What Virtual Dispatch Actually Costs, and When to Stop Paying It

David Álvarez Rosa’s recent piece on isocpp.org covers the basics well: virtual dispatch adds pointer indirection, bloats object layouts, and limits inlining. All true. But the framing of “hidden overhead” undersells the real problem. The overhead is not primarily the two pointer dereferences. It is what those dereferences prevent the compiler from doing to everything around them.
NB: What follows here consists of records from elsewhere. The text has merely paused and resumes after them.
lemma key_rank_less_iff:
  assumes "x \<in> ground n" "y \<in> ground n"
  shows "key_rank n h x < key_rank n h y \<longleftrightarrow> shuffle_key n h x < shuffle_key n h y"
proof
  assume less: "key_rank n h x < key_rank n h y"
  hence "x \<noteq> y" by auto
  thus "shuffle_key n h x < shuffle_key n h y"
    using shuffle_key_trich[of x n y h] key_rank_mono[OF assms(2), of h x] less assms by auto
qed (rule key_rank_mono[OF assms(1)])

lemma key_rank_neg:
  assumes x: "x \<in> ground n"
  shows "key_rank n h (- x) = 2 * n - 1 - key_rank n h x"
proof -
  let ?L = "{y \<in> ground n. shuffle_key n h y < shuffle_key n h x}"
  let ?G = "{y \<in> ground n. shuffle_key n h y > shuffle_key n h x}"
  have part: "ground n = (?L \<union> ?G) \<union> {x}" using shuffle_key_trich[of _ n x h] x by auto
  have "card (ground n) = card (?L \<union> ?G) + card {x}"
    by (subst part, rule card_Un_disjoint) auto
  also have "card (?L \<union> ?G) = card ?L + card ?G"
    by (rule card_Un_disjoint) auto
  finally have "card (ground n) = card ?L + card ?G + 1" by simp
  moreover have "{y \<in> ground n. shuffle_key n h y < shuffle_key n h (- x)} = uminus ` ?G"
  proof (intro equalityI subsetI)
    fix y assume "y \<in> {y \<in> ground n. shuffle_key n h y < shuffle_key n h (- x)}"
    hence "- y \<in> ?G" using shuffle_key_neg[of y n h] shuffle_key_neg[of x n h] x by auto
    thus "y \<in> uminus ` ?G" by (intro image_eqI[where x="- y"]) auto
  next
    fix y assume "y \<in> uminus ` ?G"
    then obtain z where "y = - z" "z \<in> ?G" by auto
    thus "y \<in> {y \<in> ground n. shuffle_key n h y < shuffle_key n h (- x)}"
      using shuffle_key_neg[of z n h] shuffle_key_neg[of x n h] x by auto
  qed
  ultimately show ?thesis unfolding key_rank_def by (simp add: card_uminus_image card_ground)
qed

lemma riffle_in: "x \<in> ground n \<Longrightarrow> riffle n h x \<in> ground n \<and> brank n (riffle n h x) = int (key_rank n h x) + 1"
  using brank_unrank[of "int (key_rank n h x) + 1" n] key_rank_less[of x n h] by (auto simp: riffle_def)

lemma riffle_sperm: "riffle n h \<in> signed_perms n"
proof (rule sperm_intro)
  show "inj_on (riffle n h) (ground n)"
  proof (rule inj_onI)
    fix x y assume "x \<in> ground n" "y \<in> ground n" "riffle n h x = riffle n h y"
    hence "key_rank n h x = key_rank n h y" using riffle_in[of x n h] riffle_in[of y n h] by auto
    thus "x = y" using key_rank_mono[of x n h y] key_rank_mono[of y n h x] shuffle_key_trich[of x n y h]
        \<open>x \<in> ground n\<close> \<open>y \<in> ground n\<close> by auto
  qed
  show "riffle n h (- x) = - riffle n h x" for x
  proof (cases "x \<in> ground n")
    case True
    have "- x \<in> ground n" using True by auto
    have "brank n (riffle n h (- x)) = brank n (- riffle n h x)"
      using riffle_in[OF True, of h] riffle_in[OF \<open>- x \<in> ground n\<close>, of h] key_rank_neg[OF True, of h]
        brank_neg[of "riffle n h x" n] key_rank_less[OF True, of h]
      by auto
    moreover have "- riffle n h x \<in> ground n" using riffle_in[OF True, of h] by auto
    ultimately show ?thesis using brank_inj riffle_in[OF \<open>- x \<in> ground n\<close>, of h] by blast
  next
    case False
    hence "- x \<notin> ground n" by auto
    thus ?thesis using False unfolding riffle_def by (simp only: if_not_P if_False)
  qed
  show "riffle n h x \<in> ground n" if "x \<in> ground n" for x using riffle_in[OF that] by blast
  show "riffle n h x = x" if "x \<notin> ground n" for x
    using that unfolding riffle_def by (simp only: if_not_P if_False)
qed

text \<open>Exactly n cards have a key below the centre: the keys come in pairs x, -x reflected at it.\<close>
lemma card_keys_below_centre: "card {y \<in> ground n. shuffle_key n h y < 2 * int n + 1} = n"
proof -
  let ?P = "{y \<in> ground n. shuffle_key n h y < 2 * int n + 1}"
  have ne: "shuffle_key n h y \<noteq> 2 * int n + 1" if "y \<in> ground n" for y
  proof -
    have "y \<noteq> 0" using that by auto
    thus ?thesis using shuffle_key_trich[of y n 0 h] shuffle_key_0[of n h] that by auto
  qed
  have part: "ground n = ?P \<union> uminus ` ?P"
  proof (intro equalityI subsetI)
    fix y assume y: "y \<in> ground n"
    thus "y \<in> ?P \<union> uminus ` ?P" using ne[OF y] shuffle_key_neg[of y n h]
      by (cases "shuffle_key n h y < 2 * int n + 1") (auto intro!: image_eqI[where x="- y"])
  qed auto
  have "?P \<inter> uminus ` ?P = {}"
  proof (rule ccontr)
    assume "?P \<inter> uminus ` ?P \<noteq> {}"
    then obtain y where "y \<in> ?P" "- y \<in> ?P" by force
    thus False using shuffle_key_neg[of y n h] by auto
  qed
  hence "card (ground n) = card ?P + card (uminus ` ?P)"
    by (subst (1) part, intro card_Un_disjoint) auto
  thus ?thesis by (simp add: card_ground card_uminus_image)
qed

lemma riffle_neg_iff:
  assumes x: "x \<in> ground n"
  shows "riffle n h x < 0 \<longleftrightarrow> shuffle_key n h x > 2 * int n + 1"
proof -
  let ?P = "{y \<in> ground n. shuffle_key n h y < 2 * int n + 1}"
  let ?B = "{y \<in> ground n. shuffle_key n h y < shuffle_key n h x}"
  have "riffle n h x < 0 \<longleftrightarrow> brank n (riffle n h x) > int n"
    using brank_le_n[of "riffle n h x" n] riffle_in[OF x, of h] by force
  also have "\<dots> \<longleftrightarrow> key_rank n h x \<ge> n" using riffle_in[OF x, of h] by auto
  also have "\<dots> \<longleftrightarrow> shuffle_key n h x > 2 * int n + 1"
  proof
    assume "shuffle_key n h x > 2 * int n + 1"
    hence "?P \<subseteq> ?B" by auto
    thus "key_rank n h x \<ge> n"
      unfolding key_rank_def using card_keys_below_centre[of n h] card_mono[of ?B ?P] by simp
  next
    assume "key_rank n h x \<ge> n"
    show "shuffle_key n h x > 2 * int n + 1"
    proof (rule ccontr)
      assume "\<not> ?thesis"
      hence "shuffle_key n h x < 2 * int n + 1"
        using shuffle_key_trich[of x n 0 h] shuffle_key_0[of n h] x by force
      hence "?B \<subset> ?P" using x by auto
      hence "card ?B < card ?P" by (rule psubset_card_mono[rotated]) simp
      thus False using \<open>key_rank n h x \<ge> n\<close> card_keys_below_centre[of n h] by (simp add: key_rank_def)
    qed
  qed
  finally show ?thesis .
qed

section \<open>Descents and carry events\<close>

definition is_desc :: "nat \<Rightarrow> (int \<Rightarrow> int) \<Rightarrow> nat \<Rightarrow> bool" where
  "is_desc n \<sigma> k =
     (if k < n then brank n (\<sigma> (int k)) > brank n (\<sigma> (int k + 1)) else \<sigma> (int n) < 0)"

lemma bdes_eq: "n \<ge> 1 \<Longrightarrow> bdes n \<sigma> = card {k \<in> {1..n}. is_desc n \<sigma> k}"
proof -
  assume "n \<ge> 1"
  hence "bdescents n \<sigma> = {k \<in> {1..n}. is_desc n \<sigma> k}"
    unfolding bdescents_def is_desc_def by auto
  thus ?thesis by (simp add: bdes_def)
qed

lemma bdes_le: "n \<ge> 1 \<Longrightarrow> bdes n \<sigma> \<le> n"
proof -
  assume "n \<ge> 1"
  have "card {k \<in> {1..n}. is_desc n \<sigma> k} \<le> card {1..n}" by (rule card_mono) auto
  thus ?thesis using \<open>n \<ge> 1\<close> by (simp add: bdes_eq)
qed

lemma bdes_id: "n \<ge> 1 \<Longrightarrow> bdes n id = 0"
  by (auto simp: bdes_eq is_desc_def brank_def)

lemma strict_incr_squeezed:
  fixes f :: "nat \<Rightarrow> int"
  assumes step: "\<And>k. 1 \<le> k \<Longrightarrow> k < n \<Longrightarrow> f k < f (Suc k)"
    and first: "1 \<le> f 1" and last: "f n \<le> int n" and k: "1 \<le> k" "k \<le> n"
  shows "f k = int k"
proof -
  have lo: "k \<le> n \<Longrightarrow> 1 \<le> k \<Longrightarrow> int k \<le> f k" for k
  proof (induction k)
    case (Suc k) thus ?case using first step[of k] by (cases "k = 0") auto
  qed simp
  have hi: "t \<le> n - 1 \<Longrightarrow> f (n - t) \<le> int (n - t)" for t
  proof (induction t)
    case (Suc t)
    have "f (n - Suc t) < f (Suc (n - Suc t))" using step[of "n - Suc t"] Suc.prems by simp
    moreover have "Suc (n - Suc t) = n - t" using Suc.prems by simp
    ultimately show ?case using Suc by simp
  qed (use last in simp)
  show ?thesis using lo[OF k(2,1)] hi[of "n - k"] k by simp
qed

lemma sperm_eq_id_if_fixes_pos:
  assumes \<sigma>: "\<sigma> \<in> signed_perms n" and pos: "\<And>k. 1 \<le> k \<Longrightarrow> k \<le> n \<Longrightarrow> \<sigma> (int k) = int k"
  shows "\<sigma> = id"
proof
  fix x :: int
  show "\<sigma> x = id x"
  proof (cases "x \<in> ground n")
    case False thus ?thesis using sperm_out[OF \<sigma>] by simp
  next
    case True
    have "1 \<le> nat \<bar>x\<bar>" "nat \<bar>x\<bar> \<le> n" using True by auto
    hence "\<sigma> \<bar>x\<bar> = \<bar>x\<bar>" using pos[of "nat \<bar>x\<bar>"] by simp
    thus ?thesis using sperm_odd[OF \<sigma>, of x] by (cases "x \<ge> 0") auto
  qed
qed

lemma bdes_eq_0_imp_id:
  assumes n: "n \<ge> 1" and \<sigma>: "\<sigma> \<in> signed_perms n" and d: "bdes n \<sigma> = 0"
  shows "\<sigma> = id"
proof -
  have no_desc: "\<And>k. 1 \<le> k \<Longrightarrow> k \<le> n \<Longrightarrow> \<not> is_desc n \<sigma> k"
    using d by (auto simp: bdes_eq[OF n])
  define f where "f k = brank n (\<sigma> (int k))" for k
  have in_ground: "\<And>k. 1 \<le> k \<Longrightarrow> k \<le> n \<Longrightarrow> \<sigma> (int k) \<in> ground n"
    using sperm_in[OF \<sigma> int_in_ground] by blast
  have last_pos: "\<sigma> (int n) > 0"
    using no_desc[of n] n in_ground[of n] by (auto simp: is_desc_def)
  have step: "f k < f (Suc k)" if "1 \<le> k" "k < n" for k
  proof -
    have "f k \<le> f (Suc k)" using no_desc[of k] that by (auto simp: is_desc_def f_def add.commute)
    moreover have "\<sigma> (int k) \<noteq> \<sigma> (int (Suc k))"
      using sperm_bij[OF \<sigma>] by (simp add: bij_def inj_eq)
    hence "f k \<noteq> f (Suc k)"
      using brank_inj[OF in_ground[OF that(1)] in_ground[of "Suc k"]] that unfolding f_def by auto
    ultimately show ?thesis by simp
  qed
  have fixes_pos: "\<sigma> (int k) = int k" if k: "1 \<le> k" "k \<le> n" for k
  proof -
    have "f k = int k"
      by (rule strict_incr_squeezed[where f=f, OF step _ _ k])
         (use brank_range[OF in_ground[of 1]] in_ground[of n] last_pos n in \<open>auto simp: f_def brank_def\<close>)
    moreover have "\<sigma> (int k) > 0"
      using calculation k brank_le_n[OF in_ground[OF k]] unfolding f_def by simp
    ultimately show ?thesis unfolding f_def brank_def by simp
  qed
  show ?thesis by (rule sperm_eq_id_if_fixes_pos[OF \<sigma> fixes_pos])
qed

definition label_ext :: "nat \<Rightarrow> (nat \<Rightarrow> int) \<Rightarrow> nat \<Rightarrow> int" where
  "label_ext n g k = (if k \<le> n then g k else 0)"

definition carry_event :: "nat \<Rightarrow> (nat \<Rightarrow> int) \<Rightarrow> (nat \<Rightarrow> bool) \<Rightarrow> nat \<Rightarrow> bool" where
  "carry_event n g \<delta> k =
     (label_ext n g (Suc k) > label_ext n g k \<or> (label_ext n g (Suc k) = label_ext n g k \<and> \<delta> k))"
lemma uv_step_fst_bound:
  assumes k: "k < N" and bounded: "\<And>y. \<bar>fst (w y)\<bar> \<le> A"
  shows "\<bar>fst (uv_step b f \<sigma> P B G T N \<delta> R \<rho> k w x)\<bar>
           \<le> A * (1 + (\<bar>L\<bar> * \<bar>Cq 1\<bar> + 2 * L\<^sup>2 * (2 * real CARD('d) + 2 * (Cq 2)\<^sup>2)) * h) + \<bar>Lam\<bar> * (1 + A) * h"
proof -
  note g = quantized_increment_moments[OF k]
  define u where "u = fst (w x)"
  define vh where "vh = vhat_step \<sigma> P B G T N \<delta> R \<rho> k w x"
  define Y where "Y = (\<lambda>\<omega>. fst (w (Pi_i \<delta> R \<rho> (Suc k) (x + trans b \<sigma> B G T N k u vh x \<omega>))))"
  have [measurable]: "gB G B T N k \<in> borel_measurable P" "(*v) (\<sigma> x u) \<in> borel_measurable borel"
    using g(1) by (auto intro: borel_measurable_continuous_onI matrix_vector_mult_linear_continuous_on)
  have "(\<lambda>\<omega>. x + trans b \<sigma> B G T N k u vh x \<omega>) \<in> borel_measurable P"
    unfolding trans_def by measurable
  then have Y_meas: "Y \<in> borel_measurable P"
    unfolding Y_def by (rule measurable_comp_Pi_i)
  have "fst (uv_step b f \<sigma> P B G T N \<delta> R \<rho> k w x)
      = (\<integral>\<omega>. Y \<omega> \<partial>P) + f x u ((1 / h) *\<^sub>R (\<integral>\<omega>. Y \<omega> *\<^sub>R gB G B T N k \<omega> \<partial>P)) * h"
    unfolding uv_step_def Let_def Y_def u_def vh_def by simp
  also have "\<bar>\<dots>\<bar> \<le> A * (1 + \<bar>L\<bar> * (\<bar>Cq 1\<bar> * h) + 2 * \<bar>L\<bar>\<^sup>2 * ((2 * real CARD('d) + 2 * (Cq 2)\<^sup>2) * h))
                      + \<bar>f x u 0\<bar> * h"
    by (rule expectation_plus_Lipschitz_term_bound[OF prob_space_axioms g(1,2,4,5,3) Y_meas])
      (use bounded assumption_A_f_Lipschitz[OF A, of x u _ 0] h_pos in \<open>auto simp: Y_def\<close>)
  also have "\<dots> \<le> A * (1 + (\<bar>L\<bar> * \<bar>Cq 1\<bar> + 2 * L\<^sup>2 * (2 * real CARD('d) + 2 * (Cq 2)\<^sup>2)) * h) + \<bar>Lam\<bar> * (1 + A) * h"
  proof -
    have "\<bar>f x u 0\<bar> \<le> \<bar>Lam\<bar> * (1 + A)"
      using assumption_A_growth(1)[OF A, of x u] bounded[of x] unfolding u_def
      by (meson abs_ge_zero add_left_mono mult_left_mono order_trans)
    then have "\<bar>f x u 0\<bar> * h \<le> \<bar>Lam\<bar> * (1 + A) * h"
      using h_pos by (intro mult_right_mono) auto
    then show ?thesis by (simp add: algebra_simps)
  qed
  finally show ?thesis .
qed
(* Every simple undirected graph $G$ is the intersection graph of an exactly hittable hypergraph $\mathcal{X}=(\mathcal{U},\mathcal{F})$. Further, if $G$ is a connected chordal graph, then $G$ is the intersection graph of an exactly hittable family of subtrees of a tree.
   Context: The intersection graph of a family $\mathcal{F}$ of sets has one vertex $v_F$ for each $F\in\mathcal{F}$, with $v_{F_i}v_{F_j}$ an edge iff $F_i\cap F_j\neq\emptyset$. A hypergraph (set system) $(\mathcal{U},\mathcal{F})$ is exactly hittable if there is $T\subseteq\mathcal{U}$ with $|T\cap F|=1$ for all $F\in\mathcal{F}$; for a family of subtrees of a tree, exact hittability means there is a set $T$ of tree nodes meeting every subtree in exactly one node. A chordal graph is a graph with no induced cycle of length at least $4$. *)

theory Defs
  imports Main
begin

definition simple_graph :: "'a set \<Rightarrow> ('a \<Rightarrow> 'a \<Rightarrow> bool) \<Rightarrow> bool" where
  "simple_graph V E \<longleftrightarrow> finite V \<and>
     (\<forall>u v. E u v \<longrightarrow> u \<in> V \<and> v \<in> V \<and> u \<noteq> v \<and> E v u)"

definition is_walk :: "('a \<Rightarrow> 'a \<Rightarrow> bool) \<Rightarrow> 'a list \<Rightarrow> bool" where
  "is_walk E xs \<longleftrightarrow> xs \<noteq> [] \<and> (\<forall>i. Suc i < length xs \<longrightarrow> E (xs ! i) (xs ! Suc i))"

definition connected_on :: "'a set \<Rightarrow> ('a \<Rightarrow> 'a \<Rightarrow> bool) \<Rightarrow> bool" where
  "connected_on V E \<longleftrightarrow>
     (\<forall>u\<in>V. \<forall>v\<in>V. \<exists>xs. is_walk E xs \<and> set xs \<subseteq> V \<and> hd xs = u \<and> last xs = v)"

definition is_cycle :: "('a \<Rightarrow> 'a \<Rightarrow> bool) \<Rightarrow> 'a list \<Rightarrow> bool" where
  "is_cycle E xs \<longleftrightarrow> length xs \<ge> 3 \<and> distinct xs \<and> is_walk E xs \<and> E (last xs) (hd xs)"

definition induced_cycle :: "('a \<Rightarrow> 'a \<Rightarrow> bool) \<Rightarrow> 'a list \<Rightarrow> bool" where
  "induced_cycle E xs \<longleftrightarrow> is_cycle E xs \<and>
     (\<forall>i<length xs. \<forall>j<length xs. E (xs ! i) (xs ! j) \<longrightarrow>
        j = Suc i mod length xs \<or> i = Suc j mod length xs)"

definition chordal :: "'a set \<Rightarrow> ('a \<Rightarrow> 'a \<Rightarrow> bool) \<Rightarrow> bool" where
  "chordal V E \<longleftrightarrow> \<not> (\<exists>xs. set xs \<subseteq> V \<and> length xs \<ge> 4 \<and> induced_cycle E xs)"

definition is_tree :: "'b set \<Rightarrow> ('b \<Rightarrow> 'b \<Rightarrow> bool) \<Rightarrow> bool" where
  "is_tree N A \<longleftrightarrow> simple_graph N A \<and> N \<noteq> {} \<and> connected_on N A \<and>
     \<not> (\<exists>xs. set xs \<subseteq> N \<and> is_cycle A xs)"

definition is_subtree :: "'b set \<Rightarrow> ('b \<Rightarrow> 'b \<Rightarrow> bool) \<Rightarrow> 'b set \<Rightarrow> bool" where
  "is_subtree N A S \<longleftrightarrow> S \<noteq> {} \<and> S \<subseteq> N \<and> connected_on S A"

definition exactly_hittable :: "'b set \<Rightarrow> 'b set set \<Rightarrow> bool" where
  "exactly_hittable U F \<longleftrightarrow> (\<exists>T. T \<subseteq> U \<and> (\<forall>X\<in>F. card (T \<inter> X) = 1))"

text \<open>G = (V,E) is (isomorphic to) the intersection graph of the family S ` V,
  the isomorphism being v \<mapsto> S v (injective, as F is a set of sets).\<close>
definition is_intersection_graph_of :: "'a set \<Rightarrow> ('a \<Rightarrow> 'a \<Rightarrow> bool) \<Rightarrow> ('a \<Rightarrow> 'b set) \<Rightarrow> bool" where
  "is_intersection_graph_of V E S \<longleftrightarrow> inj_on S V \<and>
     (\<forall>u\<in>V. \<forall>v\<in>V. u \<noteq> v \<longrightarrow> (E u v \<longleftrightarrow> S u \<inter> S v \<noteq> {}))"

end

theory Submission
  imports Defs
begin

text \<open>For an arbitrary graph, represent a vertex v by its closed star: the singleton {v}
  together with the edges at v, each edge taken as a two-element set. Two stars meet exactly in
  a common edge, and the singletons form an exact hitting set.

  For a chordal graph, remove a simplicial vertex s (Dirac) and represent the rest by induction,
  keeping as invariant that every clique has a common tree node. The neighbours of s form a
  clique, so their subtrees share a node p. Attach a new leaf y at p and a new leaf z at y,
  represent s by {y, z}, add y to the subtrees of the neighbours of s and z to the hitting set.\<close>

lemma is_walk_singleton [simp]: "is_walk E [x]"
  by (simp add: is_walk_def)

lemma not_is_walk_Nil [simp]: "\<not> is_walk E []"
  by (simp add: is_walk_def)
theorem mainTheorem7:
  fixes \<Omega> :: "complex set" and lam0 :: complex and n r :: nat
    and T V Y :: "complex \<Rightarrow> complex mat" and ms :: "nat list"
  assumes "open \<Omega>" and "lam0 \<in> \<Omega>"
    and "mat_holo \<Omega> n n T"
    and "\<not> (\<forall>z\<in>\<Omega>. det (T z) = 0)"
    and "det (T lam0) = 0"
    and "r = kernel_dim (T lam0)"
    and "partial_mults \<Omega> n T lam0 ms"
    and "left_canonical \<Omega> n T lam0 ms r V"
    and "right_canonical \<Omega> n T lam0 ms r Y"
  shows "(\<exists>W. unimodular0 lam0 r W \<and> (\<exists>U. open U \<and> lam0 \<in> U \<and>
            (\<forall>z\<in>U \<inter> \<Omega> - {lam0}. W z = Delta_inv lam0 ms r z * (V z * T z * Y z))))
       \<and> (\<exists>W. unimodular0 lam0 r W \<and> (\<exists>U. open U \<and> lam0 \<in> U \<and>
            (\<forall>z\<in>U \<inter> \<Omega> - {lam0}. W z = (V z * T z * Y z) * Delta_inv lam0 ms r z)))"
proof -
  have ms: "length ms = n" "sorted_wrt (\<ge>) ms"
    using assms(7) unfolding partial_mults_def by auto
  obtain P Q U where P: "unimodular0 lam0 n P" and Q: "unimodular0 lam0 n Q"
    and U: "open U" "lam0 \<in> U" and smith: "\<forall>z\<in>U \<inter> \<Omega>. P z * T z * Q z = Delta lam0 ms n z"
    using assms(7) unfolding partial_mults_def by blast
  obtain k where "k \<le> n" "\<And>i. i < k \<Longrightarrow> 0 < ms ! i" "\<And>i. k \<le> i \<Longrightarrow> i < n \<Longrightarrow> ms ! i = 0"
    using sorted_desc_nat_split[OF ms(2)] ms(1) by metis
  then have "r \<le> n" and vanish: "\<And>i. r \<le> i \<Longrightarrow> i < n \<Longrightarrow> ms ! i = 0"
    using kernel_dim_center[OF assms(2,3,7)] assms(6) by auto
  show ?thesis
    using unimodular_Delta_inv_VTY[OF assms(1-3) ms(2,1) \<open>r \<le> n\<close> vanish P Q U smith[rule_format] assms(8,9)]
      unimodular_VTY_Delta_inv[OF assms(1-3) ms(2,1) \<open>r \<le> n\<close> vanish P Q U smith[rule_format] assms(8,9)]
    by (rule conjI)
qed

end
(* Let $k\ge1$ and let $\lambda_{opt}=\min_{C}\max_{1\le i\le n}\min_{c\in C}\mathsf{E}\mathrm{d}(c,P_i)$, the minimum taken over all sets $C$ of $k$ points of $T$. Then either $\lambda_{opt}=\mathsf{E}\mathrm{d}(p_i^*,P_i)$ for some $i$, or there exist indices $i,j$ and a point $c_{ij}$ on the path $\pi(p_i^*,p_j^* )$ with $\mathsf{E}\mathrm{d}(c_{ij},P_i)=\mathsf{E}\mathrm{d}(c_{ij},P_j)$ such that $\lambda_{opt}=\mathsf{E}\mathrm{d}(c_{ij},P_i)=\mathsf{E}\mathrm{d}(c_{ij},P_j)$.
   Context: $T$ is a tree with positive edge lengths, edges regarded as segments; $\pi(p,q)$ is the simple path between points $p,q$ and $d$ the path-length distance. Uncertain point $P_i$ ($1\le i\le n$) has weight $w_i\ge0$, locations $p_{ij}$ and probabilities $f_{ij}\ge0$ summing to $1$; $\mathsf{E}\mathrm{d}(x,P_i)=w_i\sum_j f_{ij}d(x,p_{ij})$. $p_i^*$ is a vertex of $T$ minimizing $\mathsf{E}\mathrm{d}(\cdot,P_i)$ over $T$ (the median of $P_i$). As $x$ moves along $\pi(p_i^*,p_j^* )$ from $p_i^*$ to $p_j^*$, $\mathsf{E}\mathrm{d}(x,P_i)$ is nondecreasing and $\mathsf{E}\mathrm{d}(x,P_j)$ is nonincreasing. *)

theory Defs
  imports Complex_Main
begin

definition walk :: "'v set set \<Rightarrow> 'v list \<Rightarrow> bool" where
  "walk E xs \<longleftrightarrow> xs \<noteq> [] \<and> (\<forall>i < length xs - 1. {xs ! i, xs ! Suc i} \<in> E)"

definition is_cycle :: "'v set set \<Rightarrow> 'v list \<Rightarrow> bool" where
  "is_cycle E xs \<longleftrightarrow> walk E xs \<and> distinct xs \<and> length xs \<ge> 3 \<and> {last xs, hd xs} \<in> E"

definition is_tree :: "'v set \<Rightarrow> 'v set set \<Rightarrow> ('v set \<Rightarrow> real) \<Rightarrow> bool" where
  "is_tree V E len \<longleftrightarrow> finite V \<and> V \<noteq> {}
     \<and> (\<forall>e\<in>E. \<exists>u v. e = {u, v} \<and> u \<in> V \<and> v \<in> V \<and> u \<noteq> v)
     \<and> (\<forall>e\<in>E. len e > 0)
     \<and> (\<forall>u\<in>V. \<forall>v\<in>V. \<exists>xs. walk E xs \<and> hd xs = u \<and> last xs = v)
     \<and> (\<nexists>xs. is_cycle E xs)"

definition walk_len :: "('v set \<Rightarrow> real) \<Rightarrow> 'v list \<Rightarrow> real" where
  "walk_len len xs = (\<Sum>i < length xs - 1. len {xs ! i, xs ! Suc i})"

text \<open>Path-length distance between vertices (length of the shortest walk,
which in a tree is the length of the unique simple path).\<close>
definition dV :: "'v set set \<Rightarrow> ('v set \<Rightarrow> real) \<Rightarrow> 'v \<Rightarrow> 'v \<Rightarrow> real" where
  "dV E len a b = Inf {walk_len len xs | xs. walk E xs \<and> hd xs = a \<and> last xs = b}"

text \<open>Points of T: a triple (u, v, t) with {u,v} an edge and 0 <= t <= len {u,v}
denotes the point of the edge segment uv at distance t from u; the triple
(u, u, 0) with u a vertex denotes the vertex u itself.\<close>
type_synonym 'v point = "'v \<times> 'v \<times> real"

definition vpt :: "'v \<Rightarrow> 'v point" where
  "vpt u = (u, u, 0)"

definition pts :: "'v set \<Rightarrow> 'v set set \<Rightarrow> ('v set \<Rightarrow> real) \<Rightarrow> 'v point set" where
  "pts V E len = {(u, v, t). {u, v} \<in> E \<and> 0 \<le> t \<and> t \<le> len {u, v}} \<union> vpt ` V"

definition seglen :: "('v set \<Rightarrow> real) \<Rightarrow> 'v point \<Rightarrow> real" where
  "seglen len p = (case p of (u, v, t) \<Rightarrow> if u = v then 0 else len {u, v})"

definition dPV :: "'v set set \<Rightarrow> ('v set \<Rightarrow> real) \<Rightarrow> 'v point \<Rightarrow> 'v \<Rightarrow> real" where
  "dPV E len p a = (case p of (u, v, t) \<Rightarrow>
      min (t + dV E len u a) (seglen len p - t + dV E len v a))"

definition dist_T :: "'v set set \<Rightarrow> ('v set \<Rightarrow> real) \<Rightarrow> 'v point \<Rightarrow> 'v point \<Rightarrow> real" where
  "dist_T E len p q = (case p of (u, v, t) \<Rightarrow> case q of (u', v', t') \<Rightarrow>
      (let via = min (t + dPV E len q u) (seglen len p - t + dPV E len q v) in
       if u \<noteq> v \<and> {u, v} = {u', v'}
       then min via (if u = u' then \<bar>t - t'\<bar> else \<bar>t - (seglen len p - t')\<bar>)
       else via))"

text \<open>A point c lies on the simple path pi(p,q): in a tree this is exactly
d(p,c) + d(c,q) = d(p,q).\<close>
definition on_path :: "'v set set \<Rightarrow> ('v set \<Rightarrow> real) \<Rightarrow> 'v point \<Rightarrow> 'v point \<Rightarrow> 'v point \<Rightarrow> bool" where
  "on_path E len p q c \<longleftrightarrow> dist_T E len p c + dist_T E len c q = dist_T E len p q"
The Optimization Fence Nobody Mentions

An indirect call through a vtable is, from the optimizer’s perspective, a call to an unknown function. The compiler cannot see through it. It cannot prove the callee has no side effects, cannot reorder loads or stores across it, cannot eliminate redundant computations, and most critically cannot inline the body. That last part is what kills performance in tight loops.

Consider a loop calling a virtual transform(float) on each element of a buffer. Even if the implementation is a single multiply, the vectorizer cannot fuse it into a VMULPS instruction. The loop runs scalar, one element at a time, at roughly 1.0 ns per element. After devirtualization allowing the compiler to inline and vectorize, the same loop runs at 0.08 to 0.12 ns per element on a machine with AVX2. That is an 8 to 12x gap, and none of it is the vtable lookup itself. The lookup costs maybe 3 to 5 nanoseconds on a warm cache. The vectorization opportunity it blocks is worth far more.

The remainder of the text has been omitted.